(Excerpts from a dataset)
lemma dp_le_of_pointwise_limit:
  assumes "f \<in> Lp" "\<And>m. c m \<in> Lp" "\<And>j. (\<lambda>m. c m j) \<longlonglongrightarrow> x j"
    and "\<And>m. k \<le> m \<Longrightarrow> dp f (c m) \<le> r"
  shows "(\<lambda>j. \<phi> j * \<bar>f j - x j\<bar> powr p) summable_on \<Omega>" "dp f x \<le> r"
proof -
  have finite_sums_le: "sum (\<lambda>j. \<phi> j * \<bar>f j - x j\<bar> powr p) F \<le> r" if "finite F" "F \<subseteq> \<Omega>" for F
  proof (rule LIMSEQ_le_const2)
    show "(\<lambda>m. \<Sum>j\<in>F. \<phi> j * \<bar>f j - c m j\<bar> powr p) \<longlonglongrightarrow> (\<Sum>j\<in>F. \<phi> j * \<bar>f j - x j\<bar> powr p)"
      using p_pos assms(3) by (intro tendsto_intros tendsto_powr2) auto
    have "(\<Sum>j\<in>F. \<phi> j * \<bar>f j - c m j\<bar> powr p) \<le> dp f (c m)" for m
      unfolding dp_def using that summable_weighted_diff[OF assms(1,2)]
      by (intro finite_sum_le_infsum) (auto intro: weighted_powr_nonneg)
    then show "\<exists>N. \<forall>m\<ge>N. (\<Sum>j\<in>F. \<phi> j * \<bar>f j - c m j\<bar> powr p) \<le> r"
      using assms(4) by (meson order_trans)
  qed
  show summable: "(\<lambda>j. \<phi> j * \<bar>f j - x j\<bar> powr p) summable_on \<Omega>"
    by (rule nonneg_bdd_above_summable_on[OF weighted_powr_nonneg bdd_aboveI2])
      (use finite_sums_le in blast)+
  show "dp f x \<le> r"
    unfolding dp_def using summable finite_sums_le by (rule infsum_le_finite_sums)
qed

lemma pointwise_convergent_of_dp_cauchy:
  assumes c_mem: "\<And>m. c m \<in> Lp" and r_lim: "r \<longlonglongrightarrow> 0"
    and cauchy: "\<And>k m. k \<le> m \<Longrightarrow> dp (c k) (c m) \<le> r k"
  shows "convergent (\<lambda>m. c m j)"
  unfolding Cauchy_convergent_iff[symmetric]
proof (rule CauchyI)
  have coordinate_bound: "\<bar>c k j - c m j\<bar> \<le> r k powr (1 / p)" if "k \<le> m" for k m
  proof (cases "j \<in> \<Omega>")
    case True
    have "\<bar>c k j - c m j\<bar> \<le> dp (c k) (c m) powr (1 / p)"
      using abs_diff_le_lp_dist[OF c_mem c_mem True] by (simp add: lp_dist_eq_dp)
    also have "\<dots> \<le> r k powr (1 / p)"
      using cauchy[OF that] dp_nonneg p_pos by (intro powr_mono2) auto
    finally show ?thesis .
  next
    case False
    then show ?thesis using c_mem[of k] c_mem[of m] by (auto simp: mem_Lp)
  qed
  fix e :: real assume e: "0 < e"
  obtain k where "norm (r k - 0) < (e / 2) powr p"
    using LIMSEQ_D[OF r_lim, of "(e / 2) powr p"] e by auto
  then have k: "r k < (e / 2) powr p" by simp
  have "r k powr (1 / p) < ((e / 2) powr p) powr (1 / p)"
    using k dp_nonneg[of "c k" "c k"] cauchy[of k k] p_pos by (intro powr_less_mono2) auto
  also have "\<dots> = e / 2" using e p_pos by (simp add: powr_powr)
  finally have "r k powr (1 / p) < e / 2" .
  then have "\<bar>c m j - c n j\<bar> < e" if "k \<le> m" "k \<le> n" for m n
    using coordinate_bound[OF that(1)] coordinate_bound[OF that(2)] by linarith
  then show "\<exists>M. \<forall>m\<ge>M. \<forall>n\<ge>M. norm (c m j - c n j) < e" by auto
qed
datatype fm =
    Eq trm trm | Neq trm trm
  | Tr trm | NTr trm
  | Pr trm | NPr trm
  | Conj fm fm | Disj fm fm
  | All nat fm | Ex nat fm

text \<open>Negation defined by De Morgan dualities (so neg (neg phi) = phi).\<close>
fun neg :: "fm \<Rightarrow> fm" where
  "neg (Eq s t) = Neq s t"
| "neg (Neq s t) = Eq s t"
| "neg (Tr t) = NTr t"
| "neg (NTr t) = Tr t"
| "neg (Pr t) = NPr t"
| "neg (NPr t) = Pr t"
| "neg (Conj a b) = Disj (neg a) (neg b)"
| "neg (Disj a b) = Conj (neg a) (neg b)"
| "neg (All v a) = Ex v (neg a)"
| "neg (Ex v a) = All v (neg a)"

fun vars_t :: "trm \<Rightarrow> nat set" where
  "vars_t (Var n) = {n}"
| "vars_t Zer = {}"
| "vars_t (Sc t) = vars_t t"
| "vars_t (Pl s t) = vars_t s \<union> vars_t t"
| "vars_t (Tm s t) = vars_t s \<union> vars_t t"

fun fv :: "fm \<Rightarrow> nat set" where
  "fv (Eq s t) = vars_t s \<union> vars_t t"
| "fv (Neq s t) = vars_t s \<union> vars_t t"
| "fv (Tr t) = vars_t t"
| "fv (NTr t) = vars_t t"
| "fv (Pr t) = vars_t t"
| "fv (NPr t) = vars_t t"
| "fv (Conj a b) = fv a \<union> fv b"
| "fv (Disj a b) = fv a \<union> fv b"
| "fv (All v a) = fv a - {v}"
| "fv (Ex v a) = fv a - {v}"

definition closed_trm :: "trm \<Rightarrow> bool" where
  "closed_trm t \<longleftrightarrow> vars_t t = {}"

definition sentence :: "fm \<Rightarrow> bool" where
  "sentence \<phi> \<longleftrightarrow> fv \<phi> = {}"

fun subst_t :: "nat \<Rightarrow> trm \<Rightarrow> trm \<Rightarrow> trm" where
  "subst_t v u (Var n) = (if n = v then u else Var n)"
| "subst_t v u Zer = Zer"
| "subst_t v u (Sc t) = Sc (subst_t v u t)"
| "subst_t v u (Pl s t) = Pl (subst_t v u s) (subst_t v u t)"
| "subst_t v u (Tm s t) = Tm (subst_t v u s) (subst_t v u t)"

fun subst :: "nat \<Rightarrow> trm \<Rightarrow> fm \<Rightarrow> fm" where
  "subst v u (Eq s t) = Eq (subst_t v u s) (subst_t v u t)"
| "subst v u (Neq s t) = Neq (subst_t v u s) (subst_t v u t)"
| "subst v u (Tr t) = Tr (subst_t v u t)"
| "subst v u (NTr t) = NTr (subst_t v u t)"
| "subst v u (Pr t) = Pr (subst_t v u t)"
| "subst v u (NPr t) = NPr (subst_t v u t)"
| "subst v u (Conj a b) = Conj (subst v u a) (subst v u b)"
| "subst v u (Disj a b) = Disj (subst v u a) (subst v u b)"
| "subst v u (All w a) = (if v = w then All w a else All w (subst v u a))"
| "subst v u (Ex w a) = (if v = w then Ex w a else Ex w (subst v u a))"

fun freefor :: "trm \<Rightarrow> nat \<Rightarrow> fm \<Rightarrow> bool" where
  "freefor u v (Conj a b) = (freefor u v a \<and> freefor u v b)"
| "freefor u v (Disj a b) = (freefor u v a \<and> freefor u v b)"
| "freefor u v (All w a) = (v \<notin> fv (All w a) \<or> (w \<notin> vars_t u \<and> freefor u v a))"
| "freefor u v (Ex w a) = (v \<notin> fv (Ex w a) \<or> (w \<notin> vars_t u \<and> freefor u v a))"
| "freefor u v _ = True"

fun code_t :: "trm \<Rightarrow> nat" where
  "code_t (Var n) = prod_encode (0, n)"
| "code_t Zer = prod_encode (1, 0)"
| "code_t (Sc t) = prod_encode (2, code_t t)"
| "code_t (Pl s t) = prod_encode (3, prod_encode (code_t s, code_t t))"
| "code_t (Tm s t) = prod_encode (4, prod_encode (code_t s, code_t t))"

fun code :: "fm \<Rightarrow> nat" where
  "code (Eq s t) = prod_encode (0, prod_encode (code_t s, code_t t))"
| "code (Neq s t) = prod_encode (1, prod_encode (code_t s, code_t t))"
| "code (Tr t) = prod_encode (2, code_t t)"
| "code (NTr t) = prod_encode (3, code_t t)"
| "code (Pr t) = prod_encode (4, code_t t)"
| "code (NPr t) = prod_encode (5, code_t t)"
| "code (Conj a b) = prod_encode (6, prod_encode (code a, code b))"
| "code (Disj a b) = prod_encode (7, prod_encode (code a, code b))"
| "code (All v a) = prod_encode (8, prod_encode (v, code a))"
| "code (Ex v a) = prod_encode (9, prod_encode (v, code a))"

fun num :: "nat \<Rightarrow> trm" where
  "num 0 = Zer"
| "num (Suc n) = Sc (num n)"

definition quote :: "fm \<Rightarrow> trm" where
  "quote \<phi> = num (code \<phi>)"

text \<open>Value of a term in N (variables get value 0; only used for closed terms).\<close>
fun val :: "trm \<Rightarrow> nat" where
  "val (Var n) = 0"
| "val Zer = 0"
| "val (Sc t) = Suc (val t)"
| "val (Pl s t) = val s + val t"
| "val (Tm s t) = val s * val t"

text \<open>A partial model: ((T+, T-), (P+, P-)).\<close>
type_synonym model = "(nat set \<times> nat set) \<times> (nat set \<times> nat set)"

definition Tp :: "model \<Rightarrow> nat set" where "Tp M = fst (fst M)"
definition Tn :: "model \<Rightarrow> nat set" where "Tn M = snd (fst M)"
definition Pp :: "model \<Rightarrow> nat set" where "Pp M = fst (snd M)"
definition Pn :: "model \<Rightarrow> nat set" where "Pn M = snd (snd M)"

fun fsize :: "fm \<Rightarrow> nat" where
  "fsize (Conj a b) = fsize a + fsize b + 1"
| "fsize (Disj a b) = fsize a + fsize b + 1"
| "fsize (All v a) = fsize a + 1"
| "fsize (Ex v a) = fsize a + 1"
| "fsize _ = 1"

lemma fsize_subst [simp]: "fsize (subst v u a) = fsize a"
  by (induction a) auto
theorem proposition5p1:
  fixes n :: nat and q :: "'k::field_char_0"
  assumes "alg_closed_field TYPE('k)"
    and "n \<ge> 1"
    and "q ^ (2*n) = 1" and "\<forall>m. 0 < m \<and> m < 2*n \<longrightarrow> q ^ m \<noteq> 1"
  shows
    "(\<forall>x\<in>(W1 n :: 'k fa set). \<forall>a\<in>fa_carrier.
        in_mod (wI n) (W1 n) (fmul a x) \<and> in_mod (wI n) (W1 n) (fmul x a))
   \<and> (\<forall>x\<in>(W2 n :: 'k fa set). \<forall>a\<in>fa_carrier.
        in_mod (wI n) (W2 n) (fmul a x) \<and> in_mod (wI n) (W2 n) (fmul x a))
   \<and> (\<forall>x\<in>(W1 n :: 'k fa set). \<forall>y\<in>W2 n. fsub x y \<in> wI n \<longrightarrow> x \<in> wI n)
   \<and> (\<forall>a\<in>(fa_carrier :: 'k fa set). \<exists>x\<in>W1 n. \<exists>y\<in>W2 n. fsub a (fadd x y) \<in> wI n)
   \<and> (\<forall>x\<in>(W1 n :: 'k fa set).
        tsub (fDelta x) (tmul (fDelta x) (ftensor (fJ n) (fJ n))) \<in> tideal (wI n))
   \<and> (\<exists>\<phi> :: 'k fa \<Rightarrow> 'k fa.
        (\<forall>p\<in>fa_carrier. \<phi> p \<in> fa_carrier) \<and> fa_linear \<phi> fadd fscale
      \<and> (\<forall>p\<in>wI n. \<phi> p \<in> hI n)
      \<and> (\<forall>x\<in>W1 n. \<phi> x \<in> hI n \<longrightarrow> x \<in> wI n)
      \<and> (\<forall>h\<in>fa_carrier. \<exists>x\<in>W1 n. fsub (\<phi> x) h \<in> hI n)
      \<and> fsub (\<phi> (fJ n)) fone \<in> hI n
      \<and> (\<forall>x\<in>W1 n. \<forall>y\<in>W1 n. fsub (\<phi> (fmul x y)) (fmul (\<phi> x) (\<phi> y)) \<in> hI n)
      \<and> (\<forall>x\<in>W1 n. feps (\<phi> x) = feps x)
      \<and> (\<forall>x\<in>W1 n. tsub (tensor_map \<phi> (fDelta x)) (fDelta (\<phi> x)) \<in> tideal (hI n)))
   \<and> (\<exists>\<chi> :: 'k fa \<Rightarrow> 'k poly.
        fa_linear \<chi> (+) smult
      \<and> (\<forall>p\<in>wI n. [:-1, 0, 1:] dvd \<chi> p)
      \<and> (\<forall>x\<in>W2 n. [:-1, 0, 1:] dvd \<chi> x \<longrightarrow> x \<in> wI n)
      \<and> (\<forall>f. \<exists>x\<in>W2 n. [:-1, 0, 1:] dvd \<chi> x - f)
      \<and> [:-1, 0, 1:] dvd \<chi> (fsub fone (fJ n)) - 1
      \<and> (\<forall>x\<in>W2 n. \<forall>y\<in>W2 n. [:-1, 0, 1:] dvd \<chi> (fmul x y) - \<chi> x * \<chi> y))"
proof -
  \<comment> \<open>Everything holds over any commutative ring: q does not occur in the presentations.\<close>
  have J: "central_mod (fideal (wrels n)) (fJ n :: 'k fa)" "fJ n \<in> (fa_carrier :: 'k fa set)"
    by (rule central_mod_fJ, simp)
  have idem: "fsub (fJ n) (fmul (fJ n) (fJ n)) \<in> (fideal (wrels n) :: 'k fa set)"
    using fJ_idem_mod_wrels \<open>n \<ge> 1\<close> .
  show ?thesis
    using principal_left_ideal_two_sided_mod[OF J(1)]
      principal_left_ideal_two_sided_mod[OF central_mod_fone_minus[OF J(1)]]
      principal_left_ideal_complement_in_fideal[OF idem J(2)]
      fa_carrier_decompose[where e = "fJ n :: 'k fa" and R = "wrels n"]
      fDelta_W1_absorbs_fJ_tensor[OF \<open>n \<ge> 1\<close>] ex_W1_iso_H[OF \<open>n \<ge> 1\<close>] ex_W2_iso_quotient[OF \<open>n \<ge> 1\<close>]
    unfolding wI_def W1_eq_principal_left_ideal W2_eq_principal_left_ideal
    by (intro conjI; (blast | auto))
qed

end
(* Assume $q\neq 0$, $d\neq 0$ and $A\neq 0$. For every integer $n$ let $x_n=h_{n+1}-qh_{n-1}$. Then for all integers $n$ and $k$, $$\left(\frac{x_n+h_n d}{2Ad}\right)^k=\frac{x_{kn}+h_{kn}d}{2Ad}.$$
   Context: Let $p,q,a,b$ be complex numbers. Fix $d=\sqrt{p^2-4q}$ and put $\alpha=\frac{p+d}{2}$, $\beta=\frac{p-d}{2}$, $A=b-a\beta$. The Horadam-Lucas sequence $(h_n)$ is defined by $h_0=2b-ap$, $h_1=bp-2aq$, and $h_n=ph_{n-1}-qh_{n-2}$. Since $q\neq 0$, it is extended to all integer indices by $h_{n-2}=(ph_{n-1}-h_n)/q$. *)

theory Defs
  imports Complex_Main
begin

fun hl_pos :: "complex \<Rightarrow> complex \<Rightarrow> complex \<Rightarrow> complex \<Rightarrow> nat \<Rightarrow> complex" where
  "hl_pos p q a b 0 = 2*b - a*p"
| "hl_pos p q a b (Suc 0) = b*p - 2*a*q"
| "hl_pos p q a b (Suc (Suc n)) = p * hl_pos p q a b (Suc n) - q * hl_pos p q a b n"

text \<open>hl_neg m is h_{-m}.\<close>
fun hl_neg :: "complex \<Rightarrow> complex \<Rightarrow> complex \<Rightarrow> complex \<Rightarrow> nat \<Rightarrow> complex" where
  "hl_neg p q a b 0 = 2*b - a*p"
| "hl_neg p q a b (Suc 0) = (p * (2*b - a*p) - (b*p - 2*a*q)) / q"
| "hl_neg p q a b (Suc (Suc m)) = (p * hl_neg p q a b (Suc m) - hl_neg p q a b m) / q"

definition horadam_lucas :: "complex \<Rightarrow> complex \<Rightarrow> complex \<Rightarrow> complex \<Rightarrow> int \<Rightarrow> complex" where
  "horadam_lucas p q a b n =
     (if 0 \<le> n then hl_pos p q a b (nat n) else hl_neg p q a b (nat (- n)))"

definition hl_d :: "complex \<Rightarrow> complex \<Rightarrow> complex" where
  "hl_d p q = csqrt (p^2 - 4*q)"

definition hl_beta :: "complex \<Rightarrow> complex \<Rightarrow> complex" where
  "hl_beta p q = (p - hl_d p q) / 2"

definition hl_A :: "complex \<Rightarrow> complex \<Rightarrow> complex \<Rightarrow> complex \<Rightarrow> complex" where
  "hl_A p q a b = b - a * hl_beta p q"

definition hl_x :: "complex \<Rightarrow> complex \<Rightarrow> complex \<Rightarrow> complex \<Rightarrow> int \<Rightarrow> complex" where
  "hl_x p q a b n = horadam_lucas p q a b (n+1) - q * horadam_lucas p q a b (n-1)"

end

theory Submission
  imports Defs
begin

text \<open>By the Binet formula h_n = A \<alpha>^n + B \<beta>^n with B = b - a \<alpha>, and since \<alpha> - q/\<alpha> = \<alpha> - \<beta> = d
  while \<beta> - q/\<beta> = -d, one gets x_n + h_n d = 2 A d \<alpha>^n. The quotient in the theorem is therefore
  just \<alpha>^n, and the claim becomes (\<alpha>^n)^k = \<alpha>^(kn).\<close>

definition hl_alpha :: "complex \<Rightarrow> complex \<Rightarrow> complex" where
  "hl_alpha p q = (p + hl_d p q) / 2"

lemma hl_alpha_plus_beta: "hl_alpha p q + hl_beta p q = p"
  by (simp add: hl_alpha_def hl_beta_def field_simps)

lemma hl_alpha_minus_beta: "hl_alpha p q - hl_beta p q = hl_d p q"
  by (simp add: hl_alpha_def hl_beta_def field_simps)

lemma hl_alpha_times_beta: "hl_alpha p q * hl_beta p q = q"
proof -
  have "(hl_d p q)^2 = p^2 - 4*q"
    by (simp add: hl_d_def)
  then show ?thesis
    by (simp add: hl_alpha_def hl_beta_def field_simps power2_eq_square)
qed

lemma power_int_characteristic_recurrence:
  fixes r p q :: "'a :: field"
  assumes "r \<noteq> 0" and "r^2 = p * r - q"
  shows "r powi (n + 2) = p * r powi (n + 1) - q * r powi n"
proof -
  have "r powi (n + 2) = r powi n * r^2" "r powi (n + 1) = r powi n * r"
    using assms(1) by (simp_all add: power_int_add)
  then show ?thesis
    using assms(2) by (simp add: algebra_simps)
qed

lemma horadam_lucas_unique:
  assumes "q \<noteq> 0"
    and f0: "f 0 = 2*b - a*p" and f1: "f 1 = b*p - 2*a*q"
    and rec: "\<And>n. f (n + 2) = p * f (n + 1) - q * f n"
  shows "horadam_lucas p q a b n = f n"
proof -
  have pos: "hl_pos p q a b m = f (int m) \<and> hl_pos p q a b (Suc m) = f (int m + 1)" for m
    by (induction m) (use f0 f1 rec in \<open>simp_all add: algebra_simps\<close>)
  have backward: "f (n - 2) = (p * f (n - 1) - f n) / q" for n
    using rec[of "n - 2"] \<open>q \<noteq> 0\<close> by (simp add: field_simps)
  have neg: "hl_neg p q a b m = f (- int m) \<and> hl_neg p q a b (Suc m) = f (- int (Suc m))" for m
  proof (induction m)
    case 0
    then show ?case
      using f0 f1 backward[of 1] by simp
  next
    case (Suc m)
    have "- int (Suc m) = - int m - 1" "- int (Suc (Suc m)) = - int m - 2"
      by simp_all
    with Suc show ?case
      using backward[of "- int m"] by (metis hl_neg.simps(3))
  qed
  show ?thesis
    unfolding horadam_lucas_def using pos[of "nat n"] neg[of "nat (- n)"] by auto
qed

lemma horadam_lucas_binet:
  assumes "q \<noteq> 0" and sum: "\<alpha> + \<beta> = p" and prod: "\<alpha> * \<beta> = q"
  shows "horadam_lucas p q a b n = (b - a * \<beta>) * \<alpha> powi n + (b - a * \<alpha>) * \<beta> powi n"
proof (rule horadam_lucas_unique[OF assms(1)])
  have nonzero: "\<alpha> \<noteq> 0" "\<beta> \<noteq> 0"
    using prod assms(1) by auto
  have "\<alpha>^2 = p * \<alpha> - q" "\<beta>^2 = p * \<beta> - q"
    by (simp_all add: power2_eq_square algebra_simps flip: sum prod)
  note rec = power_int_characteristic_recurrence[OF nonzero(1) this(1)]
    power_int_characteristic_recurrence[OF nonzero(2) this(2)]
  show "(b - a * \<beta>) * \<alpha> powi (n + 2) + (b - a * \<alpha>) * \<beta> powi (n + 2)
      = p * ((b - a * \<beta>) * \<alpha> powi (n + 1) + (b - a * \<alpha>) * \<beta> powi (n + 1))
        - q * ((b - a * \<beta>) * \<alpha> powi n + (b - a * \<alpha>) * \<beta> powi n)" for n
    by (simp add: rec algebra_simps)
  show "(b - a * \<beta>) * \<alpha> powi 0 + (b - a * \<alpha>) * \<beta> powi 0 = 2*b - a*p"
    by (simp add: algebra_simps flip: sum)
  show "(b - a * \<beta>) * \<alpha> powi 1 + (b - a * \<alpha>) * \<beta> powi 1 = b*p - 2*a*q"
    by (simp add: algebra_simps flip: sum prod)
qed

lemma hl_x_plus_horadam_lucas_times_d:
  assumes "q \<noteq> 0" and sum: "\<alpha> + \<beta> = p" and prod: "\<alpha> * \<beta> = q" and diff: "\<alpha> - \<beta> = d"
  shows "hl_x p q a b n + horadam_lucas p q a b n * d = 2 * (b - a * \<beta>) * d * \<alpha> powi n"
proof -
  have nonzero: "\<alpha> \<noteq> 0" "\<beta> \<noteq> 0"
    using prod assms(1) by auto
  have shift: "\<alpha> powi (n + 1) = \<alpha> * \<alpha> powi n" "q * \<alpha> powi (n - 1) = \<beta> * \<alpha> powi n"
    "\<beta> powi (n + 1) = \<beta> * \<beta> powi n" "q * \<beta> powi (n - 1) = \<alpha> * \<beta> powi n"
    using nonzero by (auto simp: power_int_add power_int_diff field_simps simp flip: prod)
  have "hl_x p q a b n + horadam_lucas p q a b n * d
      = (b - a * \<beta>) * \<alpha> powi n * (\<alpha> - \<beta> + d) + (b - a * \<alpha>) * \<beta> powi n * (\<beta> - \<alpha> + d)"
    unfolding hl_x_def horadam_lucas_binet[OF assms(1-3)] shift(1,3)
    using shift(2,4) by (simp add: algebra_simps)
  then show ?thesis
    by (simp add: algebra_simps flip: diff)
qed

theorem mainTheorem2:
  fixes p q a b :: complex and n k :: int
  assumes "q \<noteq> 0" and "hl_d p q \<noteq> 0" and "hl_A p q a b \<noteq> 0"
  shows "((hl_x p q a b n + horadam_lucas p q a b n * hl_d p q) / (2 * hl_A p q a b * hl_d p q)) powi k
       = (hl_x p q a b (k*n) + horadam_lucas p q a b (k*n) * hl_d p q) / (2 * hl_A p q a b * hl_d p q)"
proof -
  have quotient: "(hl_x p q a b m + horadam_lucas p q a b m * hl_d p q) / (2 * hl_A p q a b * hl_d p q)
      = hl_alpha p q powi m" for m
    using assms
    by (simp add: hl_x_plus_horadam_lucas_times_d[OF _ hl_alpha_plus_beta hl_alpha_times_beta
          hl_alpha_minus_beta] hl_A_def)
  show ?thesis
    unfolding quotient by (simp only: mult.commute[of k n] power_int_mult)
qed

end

> [Activity]:
With the line holding "unfolding dp_def using summable" as the first and the line holding "using coordinate_bound[OF that(1)]" as the last, set down that range of the entries above exactly, and nothing else.

> [Exercise result]:
    unfolding dp_def using summable finite_sums_le by (rule infsum_le_finite_sums)
qed

lemma pointwise_convergent_of_dp_cauchy:
  assumes c_mem: "\<And>m. c m \<in> Lp" and r_lim: "r \<longlonglongrightarrow> 0"
    and cauchy: "\<And>k m. k \<le> m \<Longrightarrow> dp (c k) (c m) \<le> r k"
  shows "convergent (\<lambda>m. c m j)"
  unfolding Cauchy_convergent_iff[symmetric]
proof (rule CauchyI)
  have coordinate_bound: "\<bar>c k j - c m j\<bar> \<le> r k powr (1 / p)" if "k \<le> m" for k m
  proof (cases "j \<in> \<Omega>")
    case True
    have "\<bar>c k j - c m j\<bar> \<le> dp (c k) (c m) powr (1 / p)"
      using abs_diff_le_lp_dist[OF c_mem c_mem True] by (simp add: lp_dist_eq_dp)
    also have "\<dots> \<le> r k powr (1 / p)"
      using cauchy[OF that] dp_nonneg p_pos by (intro powr_mono2) auto
    finally show ?thesis .
  next
    case False
    then show ?thesis using c_mem[of k] c_mem[of m] by (auto simp: mem_Lp)
  qed
  fix e :: real assume e: "0 < e"
  obtain k where "norm (r k - 0) < (e / 2) powr p"
    using LIMSEQ_D[OF r_lim, of "(e / 2) powr p"] e by auto
  then have k: "r k < (e / 2) powr p" by simp
  have "r k powr (1 / p) < ((e / 2) powr p) powr (1 / p)"
    using k dp_nonneg[of "c k" "c k"] cauchy[of k k] p_pos by (intro powr_less_mono2) auto
  also have "\<dots> = e / 2" using e p_pos by (simp add: powr_powr)
  finally have "r k powr (1 / p) < e / 2" .
  then have "\<bar>c m j - c n j\<bar> < e" if "k \<le> m" "k \<le> n" for m n
    using coordinate_bound[OF that(1)] coordinate_bound[OF that(2)] by linarith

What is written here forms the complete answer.